• Luca Richeldi, Francesco Varone, Miguel Bergna, Joao de Andrade, Jeremy Falk, Robert Hallowell, Stéphane Jouneau, Yasuhiro Kondoh, Lee Morrow, Winfried Randerath, Mary Strek, and Gabriela Tabaj.
• Unità Operativa Complessa di Pneumologia, Fondazione Policlinico Universitario A. Gemelli IRCSS, Università Cattolica del Sacro Cuore, Rome, Italy luca.richeldi@policlinicogemelli.it.
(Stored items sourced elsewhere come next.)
text \<open>
  Expanding the vertex weights, \<open>\<eta>(G)\<close> is the sum over all matchings \<open>M\<close> of
  \<open>(-1)^|M| |w(M)|^2 \<Prod>(x - w\<^sub>1 y)\<close>, the product ranging over the vertices \<open>y\<close> not
  covered by \<open>M\<close>. Splitting the matchings at a vertex \<open>u\<close> gives the recurrence
  \<open>\<eta>(G) = (x - w\<^sub>1 u) \<eta>(G - u) - \<Sum>\<^sub>v |w(uv)|^2 \<eta>(G - u - v)\<close> over the neighbours \<open>v\<close> of \<open>u\<close>.
  Hence \<open>\<eta>(G)\<close> is monic of degree \<open>|V|\<close>, and \<open>\<eta>(G)/\<eta>(G - u)\<close> maps the upper half plane
  into itself, so all roots are real. The same recurrence turns the Wronskian
  \<open>W\<^sub>u(G) = \<eta>(G - u) \<eta>(G)' - \<eta>(G) \<eta>(G - u)'\<close> into
  \<open>W\<^sub>u(G) = \<eta>(G - u)^2 + \<Sum>\<^sub>v |w(uv)|^2 W\<^sub>v(G - u)\<close>; unfolding this along a path \<open>P\<close>
  starting at \<open>u\<close> bounds \<open>W\<^sub>u(G)\<close> from below both by \<open>\<eta>(G - u)^2\<close> and by \<open>c \<eta>(G - P)^2\<close>
  with \<open>c > 0\<close>. As a root \<open>\<theta>\<close> of multiplicities \<open>m\<close> in \<open>\<eta>(G)\<close> and \<open>k\<close> in \<open>\<eta>(G - u)\<close> has
  multiplicity at least \<open>m + k - 1\<close> in \<open>W\<^sub>u(G)\<close>, this yields
  \<open>mult\<^sub>\<theta> \<eta>(G) \<le> mult\<^sub>\<theta> \<eta>(G - P) + 1\<close>. Part (a) follows by removing the paths of a cover
  one at a time; for (b), summing this over the roots of \<open>\<eta>(G)\<close> gives
  \<open>|V| \<le> (|V| - |P|) + #roots\<close>.
\<close>

lemma smult_sum_right: "smult c (\<Sum>i\<in>A. f i) = (\<Sum>i\<in>A. smult c (f i))"
  by (induction A rule: infinite_finite_induct) (auto simp: smult_add_right)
• Eur Respir Rev. 2018 Dec 31; 27 (150).

AbstractA proportion of patients with interstitial lung diseases (ILDs) are at risk of developing a progressive-fibrosing phenotype, which is associated with a deterioration in lung function and early mortality. In addition to idiopathic pulmonary fibrosis (IPF), fibrosing ILDs that may present a progressive phenotype include idiopathic nonspecific interstitial pneumonia, connective tissue disease-associated ILDs, hypersensitivity pneumonitis, unclassifiable idiopathic interstitial pneumonia, ILDs related to other occupational exposures and sarcoidosis. Corticosteroids and/or immunosuppressive therapies are sometimes prescribed to patients with these diseases. However, this treatment regimen may not be effective, adequate on its own or well tolerated, suggesting that there is a pressing need for efficacious and better tolerated therapies. Currently, the only approved treatments to slow disease progression in patients with IPF are nintedanib and pirfenidone. Similarities in pathobiological mechanisms leading to fibrosis between IPF and other ILDs that may present a progressive-fibrosing phenotype provide a rationale to suggest that nintedanib and pirfenidone may be therapeutic options for patients with the latter diseases.This review provides an overview of the therapeutic options currently available for patients with fibrosing ILDs, including fibrosing ILDs that may present a progressive phenotype, and explores the status of the randomised controlled trials that are underway to determine the efficacy and safety of nintedanib and pirfenidone.Copyright ©ERS 2018.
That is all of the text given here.